TASK DESCRIPTION ▸ Scan the lines below for "intro" and copy the matches.
*** Opening THE DATA ***
lemma zero_smooth_atI:
  assumes "\<And>u v. u \<in> alive xs \<Longrightarrow> v \<in> alive xs \<Longrightarrow> u < v \<Longrightarrow> v - u \<le> s \<Longrightarrow>
      measure M (sep_event M xs u v) = 0"
  shows "zero_smooth_at M s xs"
  unfolding zero_smooth_at_def
proof (intro ballI impI)
  fix u v assume uv: "u \<in> alive xs" "v \<in> alive xs" "\<bar>u - v\<bar> \<le> s"
  consider "u < v" | "u = v" | "v < u" by linarith
  then show "measure M (sep_event M xs u v) = 0"
  proof cases
    case 1
    then show ?thesis using assms uv by simp
  next
    case 2
    then show ?thesis by (simp add: sep_event_def)
  next
    case 3
    then show ?thesis using assms[of v u] uv by (simp add: sep_event_commute[of M xs u v])
  qed
qed

lemma zero_smooth_at_imp_smooth_at:
  assumes "zero_smooth_at M s xs" "s > 0" "\<epsilon> \<le> 1" "\<delta> \<ge> 0" "\<gamma> \<ge> 0"
  shows "smooth_at M s \<delta> \<epsilon> \<gamma> xs"
  unfolding smooth_at_def
proof (intro ballI conjI impI)
  fix u v assume uv: "u \<in> alive xs" "v \<in> alive xs"
  have bounds: "0 \<le> \<delta> * \<bar>u - v\<bar> / s" "0 \<le> \<delta> * \<gamma> * \<bar>u - v\<bar> / s" using assms(2,4,5) by auto
  show "measure M (sep_event M xs u v) \<le> \<delta> * \<bar>u - v\<bar> / s" if "\<bar>u - v\<bar> \<le> s"
    using assms(1) uv that bounds by (simp add: zero_smooth_at_def)
  show "measure M (sep_event M xs u v) \<le> \<delta> * \<gamma> * \<bar>u - v\<bar> / s" if "\<bar>u - v\<bar> \<le> \<epsilon> * s"
  proof -
    have "\<epsilon> * s \<le> s" using assms(2,3) by simp
    then show ?thesis using assms(1) uv that bounds by (simp add: zero_smooth_at_def)
  qed
qed

definition smooth_online_partition ::
  "nat \<Rightarrow> real \<Rightarrow> real \<Rightarrow> real \<Rightarrow> real \<Rightarrow> (update list \<Rightarrow> real set set) measure \<Rightarrow> bool" where
  "smooth_online_partition n s \<epsilon> \<delta> c M \<longleftrightarrow> prob_online_partition n s M \<and>
    (\<forall>xs. card (arrived xs) \<le> n \<longrightarrow>
      smooth_at M s \<delta> \<epsilon> (c * real n * \<epsilon>) xs \<and>
      ((\<forall>a\<in>arrived xs. \<forall>b\<in>arrived xs. \<not> (\<epsilon> * s \<le> \<bar>a - b\<bar> \<and> \<bar>a - b\<bar> \<le> s)) \<longrightarrow> zero_smooth_at M s xs))"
*** Closing THE DATA ***
RESPONSE ▸
proof (intro ballI impI)
proof (intro ballI conjI impI)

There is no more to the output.